Этот термин и дал название танцу, который танцевали под эту музыку, а сам танец
стал символом универсальной уличной культуры, которая включала в себя музыку
хип-хопа, поэтическую культуру рэпа, уличный баскетбол и граффити.
Если загонять андеграунд во временные рамки, то до нашего
отечества он докатился по-настоящему в 70-х годах ушедшего столетия. И на
благодатной ниве уважающей чтение публики андеграунд приобрел совершенно иные
очертания. Мы не так много, как на Западе, танцевали и пели. Вернее, не
выражали поначалу свой протест в песнях и танцах. Нашим поколениям было чем
заняться: пионерия, комсомол, партия. Но среди большого идеологизированного
стада поднимались головы, не согласные идти в этом стаде. И поскольку
российская культура всегда была литературоцентричной, андеграунд у нас носил
преимущественно книжно-журнальный характер. Его уникальным свойством стало то,
что он включал в себя разные до противоположности культурные и политические
концепции и был массовым. Истоки же нашего андеграунда можно тоже отыскать в
предыдущем столетии. Опубликовав в 1864 году роман "Записки из подполья",
Федор Михайлович Достоевский (да простит он нам вышеназванное соседство) и не
думал высказываться по поводу альтернативной культуры. Однако при этом герой
его "записок", "человек больной и злой", предельно четко
объяснил кредо культурного феномена, сформировавшегося сто лет спустя. Человек
из подполья говорит тем, кто верит в "навеки нерушимое хрустальное здание"

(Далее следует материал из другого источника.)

(* Let $p\ge 0$ and $n\ge 1$. A permutation $\sigma$ of $[n]$ belongs to the basis $\mathcal{B}_p$ if and only if all of the following hold: (i) $\sigma$ has exactly $p+1$ non-left-to-right-maxima; (ii) the value $n-1$ is a non-left-to-right-maximum of $\sigma$; (iii) $\sigma_2$ is a non-left-to-right-maximum of $\sigma$; (iv) for any three left-to-right maxima $\sigma_i,\sigma_j,\sigma_k$ with $i<j<k$ such that no other left-to-right maximum lies at a position strictly between $i$ and $k$, there exists a non-left-to-right-maximum $\sigma_t$ with $j<t<k$ and $\sigma_t>\sigma_i$.
   Context: Permutations of $[n]$ are written as words $\sigma=\sigma_1\cdots\sigma_n$. A right-jump transforms $\sigma$ into $\sigma_1\cdots\sigma_{i-1}\sigma_{i+1}\cdots\sigma_j\sigma_i\sigma_{j+1}\cdots\sigma_n$ for some $1\le i<j\le n$. A left-to-right maximum of $\sigma$ is an entry $\sigma_i$ such that $\sigma_k<\sigma_i$ for all $k<i$; every other entry is a non-left-to-right-maximum. A permutation $\pi$ of $[k]$ is a pattern of $\sigma$ (written $\pi\prec\sigma$) if some subsequence $\sigma_{i_1}\cdots\sigma_{i_k}$ ($i_1<\dots<i_k$) is order-isomorphic to $\pi$. $\mathcal{C}_p$ is the set of all permutations (of any length $n$) obtainable from the identity $12\cdots n$ by at most $p$ right-jumps; it is closed under taking patterns. The basis $\mathcal{B}_p$ is the set of permutations $\sigma\notin\mathcal{C}_p$ such that every pattern $\pi\prec\sigma$ with $\pi\ne\sigma$ lies in $\mathcal{C}_p$; then $\mathcal{C}_p$ is exactly the set of permutations avoiding every element of $\mathcal{B}_p$. *)

theory Defs
  imports Main
begin

text \<open>Permutations of [n] are lists of length n with entry set {1..n}.
  Positions in lists are 0-indexed (position i of the list = position i+1 of the paper).\<close>

definition is_perm :: "nat \<Rightarrow> nat list \<Rightarrow> bool" where
  "is_perm n \<sigma> \<longleftrightarrow> length \<sigma> = n \<and> distinct \<sigma> \<and> set \<sigma> = {1..n}"

text \<open>Right-jump moving the entry at 0-indexed position i to just after position j (i < j).\<close>
definition right_jump :: "nat list \<Rightarrow> nat \<Rightarrow> nat \<Rightarrow> nat list" where
  "right_jump \<sigma> i j = take i \<sigma> @ take (j - i) (drop (Suc i) \<sigma>) @ [\<sigma> ! i] @ drop (Suc j) \<sigma>"

definition rj_step :: "nat list \<Rightarrow> nat list \<Rightarrow> bool" where
  "rj_step \<sigma> \<tau> \<longleftrightarrow> (\<exists>i j. i < j \<and> j < length \<sigma> \<and> \<tau> = right_jump \<sigma> i j)"

definition Cp :: "nat \<Rightarrow> nat list set" where
  "Cp p = {\<sigma>. \<exists>n k. k \<le> p \<and> (rj_step ^^ k) [1..<Suc n] \<sigma>}"

definition order_iso :: "nat list \<Rightarrow> nat list \<Rightarrow> bool" where
  "order_iso \<pi> \<tau> \<longleftrightarrow> length \<pi> = length \<tau> \<and>
     (\<forall>a < length \<pi>. \<forall>b < length \<pi>. \<pi> ! a < \<pi> ! b \<longleftrightarrow> \<tau> ! a < \<tau> ! b)"

definition is_pattern :: "nat list \<Rightarrow> nat list \<Rightarrow> bool" where
  "is_pattern \<pi> \<sigma> \<longleftrightarrow> is_perm (length \<pi>) \<pi> \<and> (\<exists>I. order_iso \<pi> (nths \<sigma> I))"

definition basis :: "nat \<Rightarrow> nat list set" where
  "basis p = {\<sigma>. is_perm (length \<sigma>) \<sigma> \<and> \<sigma> \<notin> Cp p \<and>
      (\<forall>\<pi>. is_pattern \<pi> \<sigma> \<and> \<pi> \<noteq> \<sigma> \<longrightarrow> \<pi> \<in> Cp p)}"

definition ltr_max :: "nat list \<Rightarrow> nat \<Rightarrow> bool" where
  "ltr_max \<sigma> i \<longleftrightarrow> (\<forall>k < i. \<sigma> ! k < \<sigma> ! i)"

end

theory Submission
  imports Defs
begin

text \<open>
  A right jump moves one entry to the right, which can create at most one new
  non-left-to-right maximum; conversely, moving the first non-left-to-right maximum
  back into its place in the increasing prefix before it removes exactly one, and is
  undone by a right jump. Hence \<open>C\<^sub>p\<close> consists of the permutations with at most
  \<open>p\<close> non-left-to-right maxima. Deleting entries never creates non-left-to-right
  maxima, so \<open>\<sigma>\<close> lies in the basis iff it has \<open>p + 1\<close> of them and every single
  deletion destroys one. Deleting a non-left-to-right maximum always does; deleting
  a left-to-right maximum \<open>\<sigma>\<^sub>m\<close> does iff some non-left-to-right maximum has \<open>\<sigma>\<^sub>m\<close>
  as its only larger predecessor. For the first entry, for the entry \<open>n\<close>, and for the
  left-to-right maxima in between, this is condition (iii), (ii) and (iv) respectively.
\<close>

section \<open>Non-left-to-right maxima\<close>

lemma not_ltr_max_iff: "\<not> ltr_max xs i \<longleftrightarrow> (\<exists>k<i. xs ! i \<le> xs ! k)"
  unfolding ltr_max_def by auto

text \<open>The non-left-to-right maxima of the subsequence \<open>nths xs I\<close>, recorded by their
  positions in \<open>xs\<close>.\<close>

definition nonmaxima_on :: "nat list \<Rightarrow> nat set \<Rightarrow> nat set" where
  "nonmaxima_on xs I = {i\<in>I. i < length xs \<and> (\<exists>j\<in>I. j < i \<and> xs ! i \<le> xs ! j)}"

abbreviation nonmaxima :: "nat list \<Rightarrow> nat set" where
  "nonmaxima xs \<equiv> nonmaxima_on xs UNIV"

lemma nonmaxima_eq: "nonmaxima xs = {i. i < length xs \<and> \<not> ltr_max xs i}"
  unfolding nonmaxima_on_def not_ltr_max_iff by auto

lemma finite_nonmaxima_on [simp]: "finite (nonmaxima_on xs I)"
  unfolding nonmaxima_on_def by (rule finite_subset[of _ "{..<length xs}"]) auto

lemma nonmaxima_on_mono: "I \<subseteq> J \<Longrightarrow> nonmaxima_on xs I \<subseteq> nonmaxima_on xs J"
  unfolding nonmaxima_on_def by blast

lemma nonmaxima_on_snoc:
  "nonmaxima_on (xs @ [x]) I = nonmaxima_on xs I \<union>
     (if length xs \<in> I \<and> (\<exists>j\<in>I. j < length xs \<and> x \<le> xs ! j) then {length xs} else {})"
proof (rule set_eqI)
  fix i
  have prefix: "(xs @ [x]) ! j = xs ! j" if "j < length xs" for j
    using that by (simp add: nth_append)
  consider "i < length xs" | "i = length xs" | "length xs < i"
    by linarith
  then show "i \<in> nonmaxima_on (xs @ [x]) I \<longleftrightarrow> i \<in> nonmaxima_on xs I \<union>
     (if length xs \<in> I \<and> (\<exists>j\<in>I. j < length xs \<and> x \<le> xs ! j) then {length xs} else {})"
  proof cases
    case 1
    then show ?thesis
      unfolding nonmaxima_on_def using prefix by (auto intro: order.strict_trans)
  next
    case 2
    then show ?thesis
      unfolding nonmaxima_on_def using prefix by auto
  qed (simp add: nonmaxima_on_def)
qed
lemma ordered_delta_system_eq_block:
  fixes A :: "'a::linorder set"
  assumes "finite A" "2 \<le> N" "0 < d" "ordered_delta_system N r A G"
    and "\<forall>i<N. card (G i) = r + d" and "i < N"
  shows "G i = block r d A i"
proof -
  obtain R where card_R: "card R = r" and R_sub: "\<forall>a<N. R \<subseteq> G a"
    and card_petal: "\<forall>a<N. card (G a - R) = d" and R_less_petal: "\<forall>a<N. R <\<^sub>s G a - R"
    and petal_less: "\<forall>a b. a < b \<longrightarrow> b < N \<longrightarrow> G a - R <\<^sub>s G b - R"
    using ordered_delta_system_root[OF assms(1-5)] by blast
  define S where "S j = R \<union> (\<Union>a<j. G a - R)" for j
  have "A = (\<Union>a<N. G a)"
    using assms(4) unfolding ordered_delta_system_def by blast
  moreover have "R \<subseteq> G 0" "0 \<in> {..<N}"
    using R_sub assms(2) by auto
  ultimately have A_eq: "A = S N"
    unfolding S_def by blast
  have S_iff: "x \<in> S j \<longleftrightarrow> position A x < r + j * d" if "j \<le> N" "x \<in> A" for j x
    unfolding S_def
    by (rule mem_prefix_iff_position_less[OF assms(1) A_eq[unfolded S_def] R_less_petal petal_less card_R card_petal that])
  have "(G a - R) \<inter> (G i - R) = {}" if "a < i" for a
    using petal_less that \<open>i < N\<close> by (intro set_less_disjoint) simp
  then have "(G i - R) \<inter> S i = {}"
    unfolding S_def by blast
  then have "G i = A \<inter> (S 0 \<union> (S (Suc i) - S i))"
    using R_sub \<open>i < N\<close> unfolding A_eq S_def by (auto simp: lessThan_Suc)
  then show ?thesis
    using S_iff[of 0] S_iff[of i] S_iff[of "Suc i"] \<open>i < N\<close> unfolding block_def by auto
qed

искусства: "Ну, а я, может быть, потому-то и боюсь этого здания, что оно
хрустальное и навеки нерушимое и что нельзя будет даже и украдкой языка ему
выставить". Но прошло время, и нерушимое здание начало крениться, его и
бояться не стали, и разрушить пытались, а уж язык-то тем более показывали. Уже
старшие современники Достоевского - французские "проклятые" поэты
подали пример вполне эффективной борьбы с такими зданиями. Естественно, что в
конце XIX века их поэзию никто не называл андеграундом - с этим понятием, как
уже отмечалось, вообще много проблем. Если проследить историю и метаморфозы,
случившиеся с ним в разных уголках земного шара, можно сказать, что до дна
"подполья" не докопаться. И говорить о нем приходится формальным и
неформальным языком. Начнем с самиздата. Никто доподлинно не знает, когда
именно появился термин "самиздат" и кто его изобрел. Принято считать,
что авторство принадлежит поэту Николаю Глазкову. Как бы то ни было, можно
совершенно смело сказать, что советский самиздат стал самым длительным и
значительным в политическом отношении примером андеграунда. На одних и тех же
пишущих машинках могли перепечатываться книги претендующего на высшую степень
серьезности Солженицына и порнографические стишки, приписывавшиеся Баркову. Еще
в 50-е годы в самиздате стали появляться художественные произведения, которые
по цензурным соображениям не публиковались в официальной литературе. Сегодня не
может не вызвать удивление, что среди "самиздатовских" авторов был,
например, позже признанный "прогрессивным писателем" Эрнст Хемингуэй.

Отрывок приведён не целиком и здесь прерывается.